[Stored data entries]
(* Fix $\gamma\in(0,1]$, $0<\alpha<0.25$, $r\in\mathbb N$, $\epsilon>0$, and let $\xi>0$ be arbitrarily small. There exist $C>0$ and $N_0$ such that for all $N\ge N_0$ and all $s\in\mathcal S$ with $\|s-s^*\|^{2r}\le N^{-\epsilon}$, $$\Big|[J^{T}(s^* )]^{-1}(s-s^* )\cdot\big\langle s-s^*,\nabla^2 f(s^* )(s-s^* )\big\rangle\Big|\le \frac{C}{N^{\frac{3\epsilon}{2r}-2\alpha-3\xi}}.$$
   Context: Let $N\ge1$, $\lambda=1-\gamma/N^\alpha$, and $b=b(N)\ge1$ an integer with $b=O(\log N)$. $\mathcal S=\{s\in\mathbb R^b:1\ge s_1\ge\cdots\ge s_b\ge0\}$. The mean-field vector field is $f_k(s)=\lambda(s_{k-1}^2-s_k^2)-(s_k-s_{k+1})$, $k=1,\dots,b$, with $s_0=1,s_{b+1}=0$; $s^*$ is its unique equilibrium in $\mathcal S$. $J(s^* )$ is the $b\times b$ tridiagonal Jacobian of $f$ at $s^*$ with $J_{kk}=-2\lambda s^*_k-1$, $J_{k,k+1}=1$, $J_{k+1,k}=2\lambda s^*_k$. For $x\in\mathbb R^b$, $\langle x,\nabla^2f(s^* )x\rangle$ denotes the vector in $\mathbb R^b$ whose $i$-th entry is $x^T\nabla^2 f_i(s^* )x$, where $\nabla^2f_i$ is the Hessian of $f_i$ (its only nonzero entries are $(i,i)$ equal to $-2\lambda$ and $(i-1,i-1)$ equal to $2\lambda$). "$\cdot$" is the Euclidean inner product and $\|\cdot\|$ the Euclidean norm. *)

theory Defs
  imports "HOL-Analysis.Analysis" "HOL-Library.Landau_Symbols"
begin

text \<open>Vectors in R^b are represented as functions nat => real, with coordinates
  indexed by 1..b and all other values equal to 0.\<close>

definition lam :: "real \<Rightarrow> real \<Rightarrow> nat \<Rightarrow> real" where
  "lam \<gamma> \<alpha> N = 1 - \<gamma> / (real N powr \<alpha>)"

definition Sset :: "nat \<Rightarrow> (nat \<Rightarrow> real) set" where
  "Sset b = {s. (\<forall>k. k \<notin> {1..b} \<longrightarrow> s k = 0) \<and> s 1 \<le> 1 \<and> 0 \<le> s b
               \<and> (\<forall>k. 1 \<le> k \<and> k < b \<longrightarrow> s (Suc k) \<le> s k)}"

definition sext :: "nat \<Rightarrow> (nat \<Rightarrow> real) \<Rightarrow> nat \<Rightarrow> real" where
  "sext b s k = (if k = 0 then 1 else if k \<le> b then s k else 0)"

definition fvec :: "real \<Rightarrow> nat \<Rightarrow> (nat \<Rightarrow> real) \<Rightarrow> nat \<Rightarrow> real" where
  "fvec l b s k = l * ((sext b s (k - 1))\<^sup>2 - (sext b s k)\<^sup>2) - (sext b s k - sext b s (Suc k))"

definition equilibrium :: "real \<Rightarrow> nat \<Rightarrow> (nat \<Rightarrow> real) \<Rightarrow> bool" where
  "equilibrium l b s \<longleftrightarrow> s \<in> Sset b \<and> (\<forall>k\<in>{1..b}. fvec l b s k = 0)"

definition sstar :: "real \<Rightarrow> nat \<Rightarrow> nat \<Rightarrow> real" where
  "sstar l b = (THE s. equilibrium l b s)"

definition Jac :: "real \<Rightarrow> nat \<Rightarrow> nat \<Rightarrow> nat \<Rightarrow> real" where
  "Jac l b i j =
     (if i \<in> {1..b} \<and> j \<in> {1..b} then
        (if i = j then - 2 * l * sstar l b i - 1
         else if j = Suc i then 1
         else if i = Suc j then 2 * l * sstar l b j
         else 0)
      else 0)"
lemma cinner_split: "cinner x y = cinner (A *v x) (A *v y) + cinner (B *v x) (B *v y)"
proof -
  have "cinner (A *v x) (A *v y) + cinner (B *v x) (B *v y)
      = cinner x ((adj A ** A + adj B ** B) *v y)"
    by (simp add: cinner_adj matrix_vector_mul_assoc matrix_vector_mult_add_rdistrib cinner_add_right)
  then show ?thesis
    using pmodule by (simp add: P_module_def)
qed

lemma cinner_split_letter:
  "cinner x y = cinner (letter A B b *v x) (letter A B b *v y)
              + cinner (letter A B (\<not> b) *v x) (letter A B (\<not> b) *v y)"
  using cinner_split[of x y] by (cases b) (simp_all add: letter_def add.commute)

lemma norm_split_letter:
  "norm x ^ 2 = norm (letter A B b *v x) ^ 2 + norm (letter A B (\<not> b) *v x) ^ 2"
proof -
  have "complex_of_real (norm x ^ 2)
      = complex_of_real (norm (letter A B b *v x) ^ 2 + norm (letter A B (\<not> b) *v x) ^ 2)"
    using cinner_split_letter[of x x b] by (simp add: cinner_self)
  then show ?thesis
    by (simp only: of_real_eq_iff)
qed

lemma norm_letter_le: "norm (letter A B b *v x) \<le> norm x"
proof -
  have "norm (letter A B b *v x) ^ 2 \<le> norm x ^ 2"
    using norm_split_letter[of x b] by simp
  then show ?thesis
    by (rule power2_le_imp_le) simp
qed

lemma letter_kills_if_isometric:
  "norm (letter A B b *v x) = norm x \<Longrightarrow> letter A B (\<not> b) *v x = 0"
  using norm_split_letter[of x b] by simp

lemma cinner_letter_if_kills:
  "letter A B (\<not> b) *v y = 0 \<Longrightarrow> cinner x y = cinner (letter A B b *v x) (letter A B b *v y)"
  using cinner_split_letter[of x y b] by simp

lemma cinner_eq_0_if_kills:
  "letter A B (\<not> b) *v x = 0 \<Longrightarrow> letter A B b *v z = 0 \<Longrightarrow> cinner x z = 0"
  using cinner_split_letter[of x z b] by simp

lemma norm_word_act_le: "norm (word_act A B u x) \<le> norm x"
proof (induction u arbitrary: x)
  case (Cons b u)
  show ?case
    using Cons.IH[of "letter A B b *v x"] norm_letter_le[of b x] by simp
qed simp

lemma ray_space_kills:
  assumes "x \<in> ray_space A B q"
  shows "letter A B (\<not> q n) *v word_act A B (prefix_ray q n) x = 0"
proof (rule letter_kills_if_isometric)
  let ?y = "word_act A B (prefix_ray q n) x"
  have "?y \<in> ray_space A B (ray_drop n q)"
    using assms by (rule ray_space_ray_drop)
  then have "norm (word_act A B (prefix_ray (ray_drop n q) 1) ?y) = norm ?y"
    unfolding ray_space_def mem_Collect_eq by (rule spec)
  moreover have "prefix_ray (ray_drop n q) 1 = [q n]"
    by (simp add: prefix_ray_def ray_drop_apply)
  ultimately show "norm (letter A B (q n) *v ?y) = norm ?y"
    by simp
qed

lemma cinner_word_act_prefix_ray:
  assumes "x \<in> ray_space A B q"
  shows "cinner y x = cinner (word_act A B (prefix_ray q n) y) (word_act A B (prefix_ray q n) x)"
proof (induction n)
  case 0
  show ?case by (simp add: prefix_ray_def)
next
  case (Suc n)
  let ?y = "word_act A B (prefix_ray q n) y" and ?x = "word_act A B (prefix_ray q n) x"
  have "cinner y x = cinner ?y ?x"
    by (fact Suc.IH)
  also have "\<dots> = cinner (letter A B (q n) *v ?y) (letter A B (q n) *v ?x)"
    using ray_space_kills[OF assms] by (rule cinner_letter_if_kills)
  finally show ?case
    by (simp only: prefix_ray_Suc word_act_snoc)
qed

lemma ray_space_orthogonal:
  assumes "q \<noteq> q'" "x \<in> ray_space A B q" "z \<in> ray_space A B q'"
  shows "cinner x z = 0"
proof -
  have "\<exists>n. q n \<noteq> q' n"
    using assms(1) by (simp add: fun_eq_iff)
  then have "\<exists>n. q n \<noteq> q' n \<and> (\<forall>i<n. \<not> q i \<noteq> q' i)"
    by (rule iffD1[OF exists_least_iff])
  then obtain n where n: "q n \<noteq> q' n" and agree: "\<And>i. i < n \<Longrightarrow> q i = q' i"
    by blast
  have prefix: "prefix_ray q' n = prefix_ray q n"
    by (rule prefix_ray_eqI) (simp add: agree)
  have "cinner x z = cinner (word_act A B (prefix_ray q' n) x) (word_act A B (prefix_ray q' n) z)"
    using assms(3) by (rule cinner_word_act_prefix_ray)
  also have "\<dots> = cinner (word_act A B (prefix_ray q n) x) (word_act A B (prefix_ray q n) z)"
    by (simp only: prefix)
  also have "\<dots> = 0"
  proof (rule cinner_eq_0_if_kills)
    show "letter A B (\<not> q n) *v word_act A B (prefix_ray q n) x = 0"
      using assms(2) by (rule ray_space_kills)
    have "q' n = (\<not> q n)"
      using n by blast
    then show "letter A B (q n) *v word_act A B (prefix_ray q n) z = 0"
      using ray_space_kills[OF assms(3), of n] prefix by simp
  qed
  finally show ?thesis .
qed
(* Let $q=p^n$ with $p$ prime, $m\ge1$, and $r=t(q-1)+s$ with integers $t\ge0$, $0\le s\le q-2$, and $r<m(q-1)$. If $f$ is a nonzero codeword of $R_q(r,m)$ of minimal weight $(q-s)q^{m-t-1}$, then its support $S_f$ is contained in an affine subspace of $\mathbb{F}_q^m$ of codimension $t$.
   Context: $B_m^q=\mathbb{F}_q[X_1,\dots,X_m]/(X_1^q-X_1,\dots,X_m^q-X_m)$ is identified with the algebra of functions $\mathbb{F}_q^m\to\mathbb{F}_q$. For $f\in B_m^q$, $S_f=\{x : f(x)\neq0\}$ and $|f|=\mathrm{Card}(S_f)$. The degree of $P\in B_m^q$ is the total degree of its representative of degree at most $q-1$ in each variable, and $R_q(r,m)=\{P\in B_m^q:\deg P\le r\}$. The minimum weight of a nonzero codeword of $R_q(r,m)$, for $r=t(q-1)+s$, $0\le s\le q-2$, $r<m(q-1)$, is $(q-s)q^{m-t-1}$. *)

theory Defs
  imports "HOL-Computational_Algebra.Primes" "HOL-Library.Cardinality"
begin

(* Points of F_q^m are functions 'm => 'a, with 'a a finite field (q = CARD('a))
   and 'm a finite index type (m = CARD('m)). Elements of B_m^q are functions
   ('m => 'a) => 'a. *)

definition reduced_exps :: "nat \<Rightarrow> nat \<Rightarrow> ('m::finite \<Rightarrow> nat) set" where
  "reduced_exps q r = {e. (\<forall>i. e i \<le> q - 1) \<and> (\<Sum>i\<in>UNIV. e i) \<le> r}"

definition RM :: "nat \<Rightarrow> (('m::finite \<Rightarrow> 'a::{finite,field}) \<Rightarrow> 'a) set" where
  "RM r = {f. \<exists>c :: ('m \<Rightarrow> nat) \<Rightarrow> 'a.
      \<forall>x. f x = (\<Sum>e\<in>reduced_exps (CARD('a)) r. c e * (\<Prod>i\<in>UNIV. x i ^ e i))}"

definition support :: "(('m::finite \<Rightarrow> 'a::{finite,field}) \<Rightarrow> 'a) \<Rightarrow> ('m \<Rightarrow> 'a) set" where
  "support f = {x. f x \<noteq> 0}"

definition weight :: "(('m::finite \<Rightarrow> 'a::{finite,field}) \<Rightarrow> 'a) \<Rightarrow> nat" where
  "weight f = card (support f)"

definition affine_subspace_codim :: "nat \<Rightarrow> ('m::finite \<Rightarrow> 'a::{finite,field}) set \<Rightarrow> bool" where
  "affine_subspace_codim t A \<longleftrightarrow> t \<le> CARD('m) \<and>
     (\<exists>(a :: 'm \<Rightarrow> 'a) (v :: nat \<Rightarrow> 'm \<Rightarrow> 'a).
        (\<forall>c :: nat \<Rightarrow> 'a. (\<forall>i. (\<Sum>j<CARD('m) - t. c j * v j i) = 0)
              \<longrightarrow> (\<forall>j<CARD('m) - t. c j = 0)) \<and>
        A = {x. \<exists>c :: nat \<Rightarrow> 'a. x = (\<lambda>i. a i + (\<Sum>j<CARD('m) - t. c j * v j i))})"

end

theory Submission
  imports Defs "HOL-Computational_Algebra.Polynomial"
begin

(* Points of F_q^k are represented as sequences vanishing from index k on (pts k), so that the
   number of variables can vary in an induction, and "polynomial function of degree \<le> r in
   k variables" is the inductive predicate poly_fun.  Writing f as a polynomial in the last
   variable, its leading coefficient g (of degree r - d) has weight at least the minimum
   weight for degree r - d, and every line above the support of g meets the support of f in at
   least q - d points.

   For f of minimum weight, after an affine change of coordinates moving two points of the
   support to 0 and e_k, the equality case of this count shows that d \<le> s, that g has minimum
   weight for degree r - d, and that f vanishes above the zeros of g.  Induction on the number
   of variables then puts the support of g in an affine subspace of dimension k - t and that of
   f in the cylinder over it (min_weight_support_in_flat). *)

lemma card_field_ge2: "2 \<le> CARD('a::{finite,field})"
proof -
  have "card {0::'a, 1} \<le> CARD('a)" by (intro card_mono) auto
  thus ?thesis by simp
qed

lemma field_pow_card: "(y::'a::{finite,field}) ^ CARD('a) = y"
proof (cases "y = 0")
  case True
  then show ?thesis using card_field_ge2[where 'a='a] by simp
next
  case False
  let ?U = "UNIV - {0::'a}"
  have "prod (\<lambda>z. y * z) ?U = prod id ?U"
    by (rule prod.reindex_bij_witness[of _ "\<lambda>z. inverse y * z" "\<lambda>z. y * z"]) (use False in auto)
  moreover have "prod (\<lambda>z. y * z) ?U = y ^ card ?U * prod id ?U"
    by (simp add: prod.distrib)
  moreover have "prod id ?U \<noteq> 0" by simp
  ultimately have "y ^ card ?U = 1" by simp
  moreover have "card ?U = CARD('a) - 1" by (simp add: card_Diff_singleton)
  moreover have "CARD('a) = Suc (CARD('a) - 1)" using card_field_ge2[where 'a='a] by simp
  ultimately show ?thesis by (metis mult.right_neutral power_Suc)
qed

(* Reduction of an exponent j to the representative in [1, q-1] (or 0) with the same
   power function y \<mapsto> y^j on F_q; it never increases the exponent. *)
definition reduce_exp :: "nat \<Rightarrow> nat \<Rightarrow> nat" where
  "reduce_exp q j = (if j = 0 then 0 else Suc ((j - 1) mod (q - 1)))"

lemma reduce_exp_le: "reduce_exp q j \<le> j"
  by (cases j) (auto simp: reduce_exp_def intro: le_trans[OF mod_less_eq_dividend])

lemma reduce_exp_less: "2 \<le> q \<Longrightarrow> reduce_exp q j < q"
proof (cases j)
  case (Suc j')
  assume "2 \<le> q"
  then have "j' mod (q - 1) < q - 1" by (intro mod_less_divisor) simp
  then have "Suc (j' mod (q - 1)) < q" by linarith
  then show ?thesis using Suc by (simp add: reduce_exp_def)
qed (simp add: reduce_exp_def)

lemma pow_reduce_exp: "(y::'a::{finite,field}) ^ j = y ^ reduce_exp CARD('a) j"
proof (induction j rule: less_induct)
  case (less j)
  let ?q = "CARD('a)"
  have q2: "2 \<le> ?q" by (rule card_field_ge2)
  show ?case
  proof (cases "j < ?q")
    case True
    then show ?thesis by (cases j) (auto simp: reduce_exp_def)
  next
    case False
    define i where "i = j - (?q - 1)"
    have i: "j = i + (?q - 1)" "0 < i" "i < j" using False q2 unfolding i_def by auto
    have "y ^ j = y ^ (i - 1) * y ^ ?q"
      using i q2 by (simp add: power_add[symmetric])
    also have "\<dots> = y ^ i" using \<open>0 < i\<close> by (simp add: field_pow_card power_Suc2[symmetric])
    also have "\<dots> = y ^ reduce_exp ?q i" using less i by blast
    also have "reduce_exp ?q i = reduce_exp ?q j"
    proof -
      have "j - 1 = (i - 1) + (?q - 1)" using i by linarith
      then have "(j - 1) mod (?q - 1) = (i - 1) mod (?q - 1)" by (metis mod_add_self2)
      then show ?thesis using i by (simp add: reduce_exp_def)
    qed
    finally show ?thesis .
  qed
qed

* _What is being asked_: Count up the lines in the preceding data that include the word "nonzero"; respond with the number only.

* _Written answer_: 3